Typical formatting for a definition list puts the term (the <dt> element) on one line in bold with the definitions indented beneath it, starting on the next line. Here are the templates for <dl>, <dt>, and <dd>:

<xsl:template match="dl">
  <xsl:apply-templates select="*"/>
</xsl:template>

<xsl:template match="dt">
  <fo:block font-weight="bold" space-after="2pt"
      keep-with-next="always">
    <xsl:apply-templates select="*|text()"/>
  </fo:block>
</xsl:template>

<xsl:template match="dd">
  <fo:block start-indent="1cm">
    <xsl:attribute name="space-after">
      <xsl:choose>
        <xsl:when test="name(following::*[1]) = 'dd'">
          <xsl:text>3pt</xsl:text>
        </xsl:when>
        <xsl:otherwise>
          <xsl:text>12pt</xsl:text>
        </xsl:otherwise>
      </xsl:choose>
    </xsl:attribute>
    <xsl:apply-templates select="*|text()"/>
  </fo:block>
</xsl:template>

In the template for the <dd> element, the processor looks to see if the next element is also a <dd> element. If it is, the current <dt> element must have multiple definitions for the same term, and so the processor puts 3 points of vertical space after the current definition. Otherwise, the processor uses 12 points of vertical space. Also notice that the template uses the keep-with-next property of the <fo:block> element, even though FOP doesn't always handle this correctly.


<em> Emphasized text

Most browsers render emphasized text in italics, and so you can simply transform the <em> element into an <fo:inline> element with an <font-style="italic"> attribute. Start with this markup:

<p>You <em>must<> disconnect the power supply before 
you open the product housing.  </p>

You would render it in FO as follows:

<fo:block>
  You <fo:inline font-style="italic">must</fo:inline> disconnect
  the power supply before you open the product housing.
</fo:block>

Here's how the XSLT template looks:

<xsl:template match="em">
  <fo:inline font-style="italic">
    <xsl:apply-templates select="*|text()"/>
  </fo:inline>
</xsl:template>

<font color="..."> Change the text color

There are three attributes of the <font> element that I'll use to demonstrate how to transform for XSL-FO elements: color, face, and size. For the color attribute, you can use a hex RGB value (such as x33cc99) or one of the 16 color names defined by the XSL-FO spec:

16 color names defined by XSL-FO spec
aquablackbluefuchsia
graygreenlimemaroon
navyolivepurplered
silvertealwhiteyellow

The XSLT template assumes that FOP can handle the color value if there is one. The default color is black:

<xsl:template match="font">
  <xsl:variable name="color">
    <xsl:choose>
      <xsl:when test="@color">
        <xsl:value-of select="@color"/>
      </xsl:when>
      <xsl:otherwise>
        <xsl:text>black</xsl:text>
      </xsl:otherwise>
    </xsl:choose>
  </xsl:variable>
  ...
  <fo:inline font-size="{$size}" font-family="{$face}"
    color="{$color}">
    <xsl:apply-templates select="*|text()"/>
  </fo:inline>
</xsl:template>

Notice that the XSLT template creates a variable to hold the value of the color attribute. The template creates variables for color, face, and size, and then it builds the <fo:inline> element with those values.

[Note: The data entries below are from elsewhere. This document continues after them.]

(* For every integer $s \geq 1$, $$\mathsf {Brac}_{2,s}=\mathsf {Brac}_{2}= \left\{ \big( (p, 1-p), (1-p,p) \big) \, : \, p\in[0,1]\right\}.$$
   Context: $\Delta_d=\{\alpha\in\mathbb R^d:\alpha_i\ge0,\ \sum_i\alpha_i=1\}$. $\mathsf{Brac}_d=\{(\alpha,\beta)\in\Delta_d^2:\ \forall i,\ \sqrt{\alpha_i\beta_i}\le\sum_{j\ne i}\sqrt{\alpha_j\beta_j}\}$. For $s\ge1$, $\mathsf{Brac}_{d,s}$ is the set of $(\alpha,\beta)\in\Delta_d^2$ for which there exist $A_1,\dots,A_d,B_1,\dots,B_d\in M_s(\mathbb C)$ with $\sum_i A_iA_i^*=\sum_iB_iB_i^*=I_s$, $\sum_iA_iB_i^*=0$, and $\tfrac1s\|A_i\|_F^2=\alpha_i$, $\tfrac1s\|B_i\|_F^2=\beta_i$ for all $i$, where $\|X\|_F=\operatorname{Tr}(XX^* )^{1/2}$. *)

theory Defs
  imports "HOL-Analysis.Analysis"
begin

definition prob_simplex :: "nat \<Rightarrow> real list set" where
  "prob_simplex d = {a. length a = d \<and> (\<forall>i<d. 0 \<le> a ! i) \<and> (\<Sum>i<d. a ! i) = 1}"

definition Brac :: "nat \<Rightarrow> (real list \<times> real list) set" where
  "Brac d = {(a, b). a \<in> prob_simplex d \<and> b \<in> prob_simplex d \<and>
     (\<forall>i<d. sqrt (a ! i * b ! i) \<le> (\<Sum>j\<in>{..<d} - {i}. sqrt (a ! j * b ! j)))}"

definition cstar :: "complex^'n^'n \<Rightarrow> complex^'n^'n" where
  "cstar A = (\<chi> i j. cnj (A $ j $ i))"

definition frob_sq :: "complex^'n^'n \<Rightarrow> real" where
  "frob_sq X = Re (trace (X ** cstar X))"

text \<open>Brac_{d,s}, where s = CARD('s) is the matrix size given by the finite index type 's.\<close>
definition BracS :: "nat \<Rightarrow> 's::finite itself \<Rightarrow> (real list \<times> real list) set" where
  "BracS d _ = {(a, b). a \<in> prob_simplex d \<and> b \<in> prob_simplex d \<and>
     (\<exists>A B :: nat \<Rightarrow> complex^'s^'s.
        (\<Sum>i<d. A i ** cstar (A i)) = mat 1 \<and>
        (\<Sum>i<d. B i ** cstar (B i)) = mat 1 \<and>
        (\<Sum>i<d. A i ** cstar (B i)) = 0 \<and>
        (\<forall>i<d. frob_sq (A i) / real CARD('s) = a ! i \<and>
                frob_sq (B i) / real CARD('s) = b ! i))}"

end

theory Submission
  imports Defs
begin

text \<open>
  The three defining identities of \<open>Brac\<^sub>2\<^sub>,\<^sub>s\<close> say that the \<open>2s \<times> 2s\<close> block matrix
  \<open>U = [A\<^sub>1 A\<^sub>2; B\<^sub>1 B\<^sub>2]\<close> satisfies \<open>U U\<^sup>* = I\<close>. A one-sided inverse of a square
  matrix is two-sided, so also \<open>U\<^sup>* U = I\<close>, and the trace of its upper left block
  \<open>A\<^sub>1\<^sup>* A\<^sub>1 + B\<^sub>1\<^sup>* B\<^sub>1 = I\<^sub>s\<close> gives \<open>\<alpha>\<^sub>1 + \<beta>\<^sub>1 = 1\<close>. On \<open>\<Delta>\<^sub>2\<close> this is exactly \<open>Brac\<^sub>2\<close>,
  whose two inequalities amount to \<open>\<alpha>\<^sub>1\<beta>\<^sub>1 = \<alpha>\<^sub>2\<beta>\<^sub>2\<close>. Conversely, the point with
  parameter \<open>p\<close> is realised by the real orthogonal matrix \<open>[\<surd>p \<surd>(1-p); \<surd>(1-p) -\<surd>p]\<close>
  tensored with \<open>I\<^sub>s\<close>.
\<close>

lemma cstar_cstar [simp]: "cstar (cstar A) = A"
  by (simp add: cstar_def vec_eq_iff)

lemma cstar_add: "cstar (A + B) = cstar A + cstar B"
  by (simp add: cstar_def vec_eq_iff)

lemma cstar_zero [simp]: "cstar 0 = 0"
  by (simp add: cstar_def vec_eq_iff)

lemma cstar_mult: "cstar (A ** B) = cstar B ** cstar A"
  by (simp add: cstar_def vec_eq_iff matrix_matrix_mult_def mult.commute)

lemma cstar_mat: "cstar (mat c) = mat (cnj c)"
  by (simp add: cstar_def vec_eq_iff mat_def)

lemma mat_add_mat: "mat c + mat d = (mat (c + d) :: 'a::monoid_add^'n^'n)"
  by (simp add: vec_eq_iff mat_def)

lemma mat_mult_mat: "mat c ** mat d = (mat (c * d) :: 'a::semiring_1^'n^'n)"
proof -
  have "mat c $ i $ k * mat d $ k $ j = (if k = i then (if i = j then c * d else 0) else 0)"
    for i j k :: 'n
    by (simp add: mat_def)
  then show ?thesis
    by (simp add: vec_eq_iff matrix_matrix_mult_def mat_def)
qed

lemma trace_mat: "trace (mat c :: 'a::semiring_1^'n^'n) = of_nat CARD('n) * c"
  by (simp add: trace_def mat_def)

lemma frob_sq_eq_trace: "frob_sq X = Re (trace (cstar X ** X))"
  unfolding frob_sq_def by (subst trace_mul_sym) (rule refl)

lemma frob_sq_mat: "frob_sq (mat c :: complex^'n^'n) = (cmod c)\<^sup>2 * real CARD('n)"
  by (simp add: frob_sq_def cstar_mat mat_mult_mat trace_mat cmod_power2 power2_eq_square)
    (simp add: cmod_def power2_eq_square)

lemma sum_UNIV_Plus:
  "(\<Sum>x\<in>(UNIV :: ('a::finite + 'b::finite) set). g x) =
    (\<Sum>x\<in>UNIV. g (Inl x)) + (\<Sum>x\<in>UNIV. g (Inr x))"
  using sum.Plus[of UNIV UNIV g] by (simp add: comp_def)

definition block_mat ::
    "'a^'n^'m \<Rightarrow> 'a^'k^'m \<Rightarrow> 'a^'n^'l \<Rightarrow> 'a^'k^'l \<Rightarrow> 'a^('n + 'k)^('m + 'l)" where
  "block_mat A B C D = (\<chi> r c. case r of
       Inl i \<Rightarrow> (case c of Inl j \<Rightarrow> A $ i $ j | Inr j \<Rightarrow> B $ i $ j)
     | Inr i \<Rightarrow> (case c of Inl j \<Rightarrow> C $ i $ j | Inr j \<Rightarrow> D $ i $ j))"

lemma block_mat_eq_iff:
  "block_mat A B C D = block_mat A' B' C' D' \<longleftrightarrow> A = A' \<and> B = B' \<and> C = C' \<and> D = D'"
  by (auto simp: block_mat_def vec_eq_iff split: sum.splits)

lemma block_mat_mult:
  fixes A :: "'a::semiring_1^'n::finite^'m" and B :: "'a^'k::finite^'m"
  shows "block_mat A B C D ** block_mat E F G H =
    block_mat (A ** E + B ** G) (A ** F + B ** H) (C ** E + D ** G) (C ** F + D ** H)"
  by (simp add: vec_eq_iff block_mat_def matrix_matrix_mult_def sum_UNIV_Plus split: sum.split)

lemma mat_eq_block_mat: "mat c = block_mat (mat c) 0 0 (mat c)"
  by (simp add: vec_eq_iff block_mat_def mat_def split: sum.split)

lemma cstar_block_mat:
  "cstar (block_mat A B C D) = block_mat (cstar A) (cstar C) (cstar B) (cstar D)"
  by (simp add: vec_eq_iff block_mat_def cstar_def split: sum.split)

lemma frob_sq_add_eq_card_if_block_unitary:
  fixes A0 A1 B0 B1 :: "complex^'n::finite^'n"
  assumes A: "A0 ** cstar A0 + A1 ** cstar A1 = mat 1"
    and B: "B0 ** cstar B0 + B1 ** cstar B1 = mat 1"
    and AB: "A0 ** cstar B0 + A1 ** cstar B1 = 0"
  shows "frob_sq A0 + frob_sq B0 = real CARD('n)"
proof -
  let ?U = "block_mat A0 A1 B0 B1"
  have BA: "B0 ** cstar A0 + B1 ** cstar A1 = 0"
    using arg_cong[OF AB, of cstar] by (simp add: cstar_add cstar_mult)
  have "?U ** cstar ?U = mat 1"
    by (simp add: cstar_block_mat block_mat_mult A B AB BA mat_eq_block_mat[of 1])
  then have "cstar ?U ** ?U = mat 1"
    by (rule matrix_left_right_inverse[THEN iffD1])
  then have "cstar A0 ** A0 + cstar B0 ** B0 = mat 1"
    by (simp add: cstar_block_mat block_mat_mult mat_eq_block_mat[of 1] block_mat_eq_iff)
  then have "trace (cstar A0 ** A0) + trace (cstar B0 ** B0) = of_nat CARD('n)"
    by (metis trace_add trace_I)
  then have "Re (trace (cstar A0 ** A0) + trace (cstar B0 ** B0)) = real CARD('n)"
    by simp
  then show ?thesis
    by (simp add: frob_sq_eq_trace)
qed

lemma prob_simplex_2_iff:
  "a \<in> prob_simplex 2 \<longleftrightarrow> (\<exists>x. 0 \<le> x \<and> x \<le> 1 \<and> a = [x, 1 - x])"
proof
  assume "a \<in> prob_simplex 2"
  then have "length a = 2" "0 \<le> a ! 0" "0 \<le> a ! 1" "a ! 1 = 1 - a ! 0"
    by (auto simp: prob_simplex_def numeral_2_eq_2)
  moreover from this(1) have "a = [a ! 0, a ! 1]"
    by (cases a rule: list.exhaust[case_product list.exhaust[of "tl a"]]) (auto simp: numeral_2_eq_2)
  ultimately show "\<exists>x. 0 \<le> x \<and> x \<le> 1 \<and> a = [x, 1 - x]"
    by (metis diff_ge_0_iff_ge)
qed (auto simp: prob_simplex_def numeral_2_eq_2 less_Suc_eq)

lemma all_less_2_iff: "(\<forall>i<2::nat. P i) \<longleftrightarrow> P 0 \<and> P 1"
  by (auto simp: less_2_cases_iff)

lemma Brac_2_iff:
  "(a, b) \<in> Brac 2 \<longleftrightarrow> a \<in> prob_simplex 2 \<and> b \<in> prob_simplex 2 \<and> a ! 0 + b ! 0 = 1"
proof -
  have diffs: "{..<2::nat} - {0} = {1}" "{..<2::nat} - {1} = {0}"
    by auto
  have "(\<forall>i<2. sqrt (a ! i * b ! i) \<le> (\<Sum>j\<in>{..<2} - {i}. sqrt (a ! j * b ! j))) \<longleftrightarrow>
      sqrt (a ! 0 * b ! 0) = sqrt (a ! 1 * b ! 1)"
    unfolding all_less_2_iff diffs by auto
  then have "(a, b) \<in> Brac 2 \<longleftrightarrow> a \<in> prob_simplex 2 \<and> b \<in> prob_simplex 2 \<and>
      sqrt (a ! 0 * b ! 0) = sqrt (a ! 1 * b ! 1)"
    unfolding Brac_def by blast
  also have "\<dots> \<longleftrightarrow> a \<in> prob_simplex 2 \<and> b \<in> prob_simplex 2 \<and> a ! 0 + b ! 0 = 1"
    by (auto simp: prob_simplex_2_iff algebra_simps)
  finally show ?thesis .
qed

lemma BracS_2_subset_Brac_2: "BracS 2 TYPE('s::finite) \<subseteq> Brac 2"
proof clarify
  fix a b assume "(a, b) \<in> BracS 2 TYPE('s)"
  then obtain A B :: "nat \<Rightarrow> complex^'s^'s" where
    simplex: "a \<in> prob_simplex 2" "b \<in> prob_simplex 2"
    and unitary: "A 0 ** cstar (A 0) + A 1 ** cstar (A 1) = mat 1"
      "B 0 ** cstar (B 0) + B 1 ** cstar (B 1) = mat 1"
      "A 0 ** cstar (B 0) + A 1 ** cstar (B 1) = 0"
    and frob: "frob_sq (A 0) / real CARD('s) = a ! 0" "frob_sq (B 0) / real CARD('s) = b ! 0"
    by (auto simp: BracS_def numeral_2_eq_2)
  have "frob_sq (A 0) + frob_sq (B 0) = real CARD('s)"
    using unitary by (rule frob_sq_add_eq_card_if_block_unitary)
  then have "a ! 0 + b ! 0 = 1"
    by (simp flip: frob add_divide_distrib)
  with simplex show "(a, b) \<in> Brac 2"
    unfolding Brac_2_iff by blast
qed

lemma Brac_2_subset_BracS_2: "Brac 2 \<subseteq> BracS 2 TYPE('s::finite)"
proof clarify
  fix a b assume "(a, b) \<in> Brac 2"
  then obtain p where p: "0 \<le> p" "p \<le> 1" and ab: "a = [p, 1 - p]" "b = [1 - p, p]"
    by (auto simp: Brac_2_iff prob_simplex_2_iff)
  define u v where "u = sqrt p" and "v = sqrt (1 - p)"
  define A B :: "nat \<Rightarrow> complex^'s^'s" where
    "A i = mat (of_real (if i = 0 then u else v))" and
    "B i = mat (of_real (if i = 0 then v else - u))" for i
  have uv: "of_real u * of_real u = (of_real p :: complex)"
    "of_real v * of_real v = (of_real (1 - p) :: complex)"
    using p by (simp_all add: u_def v_def flip: of_real_mult)
  have "(\<Sum>i<2. A i ** cstar (A i)) = mat 1" "(\<Sum>i<2. B i ** cstar (B i)) = mat 1"
    by (simp_all add: numeral_2_eq_2 A_def B_def cstar_mat mat_mult_mat mat_add_mat uv)
  moreover have "(\<Sum>i<2. A i ** cstar (B i)) = 0"
    by (simp add: numeral_2_eq_2 A_def B_def cstar_mat mat_mult_mat mat_add_mat algebra_simps)
  moreover have "\<forall>i<2. frob_sq (A i) / real CARD('s) = a ! i \<and> frob_sq (B i) / real CARD('s) = b ! i"
    using p by (auto simp: less_2_cases_iff A_def B_def frob_sq_mat ab u_def v_def)
  moreover have "a \<in> prob_simplex 2" "b \<in> prob_simplex 2"
    using p ab by (auto simp: prob_simplex_2_iff)
  ultimately show "(a, b) \<in> BracS 2 TYPE('s)"
    unfolding BracS_def by blast
qed

theorem proposition3p9:
  shows "BracS 2 TYPE('s::finite) = Brac 2 \<and>
         Brac 2 = {([p, 1 - p], [1 - p, p]) | p :: real. 0 \<le> p \<and> p \<le> 1}"
proof
  show "BracS 2 TYPE('s::finite) = Brac 2"
    using BracS_2_subset_Brac_2 Brac_2_subset_BracS_2 by blast
  show "Brac 2 = {([p, 1 - p], [1 - p, p]) | p :: real. 0 \<le> p \<and> p \<le> 1}"
    by (auto simp: Brac_2_iff prob_simplex_2_iff)
qed

end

<font face="..."> Change the text font

The <font> element's face attribute maps to the XSL-FO font-family attribute, but there's a catch: The FOP tool supports a limited number of fonts. The valid values for font-family are:

  • serif
  • sans-serif
  • monospace
  • Courier, Courier-Bold, Courier-BoldOblique, or Courier-Oblique
  • Helvetica, Helvetica-Bold, Helvetica-BoldOblique, or Helvetica-Oblique
  • Symbol
  • Times-Roman, Times-Bold, Times-BoldItalic, or Times-Italic

The XSLT template creates a variable for the typeface just as it did for the color. It sets the default typeface to sans-serif:

<xsl:template match="font">
  <xsl:variable name="face">
    <xsl:choose>
      <xsl:when test="@face">
        <xsl:value-of select="@face"/>
      </xsl:when>
      <xsl:otherwise>
        <xsl:text>sans-serif</xsl:text>
      </xsl:otherwise>
    </xsl:choose>
  </xsl:variable>
  ...
  <fo:inline font-size="{$size}" font-family="{$face}"
    color="{$color}">
    <xsl:apply-templates select="*|text()"/>
  </fo:inline>
</xsl:template>

In addition, the FOP tool provides ways to convert Adobe Type 1 fonts and Truetype fonts into XML font-metric files. Those files are used by FOP to render text in fonts other than the ones listed above. See the FOP documentation for details.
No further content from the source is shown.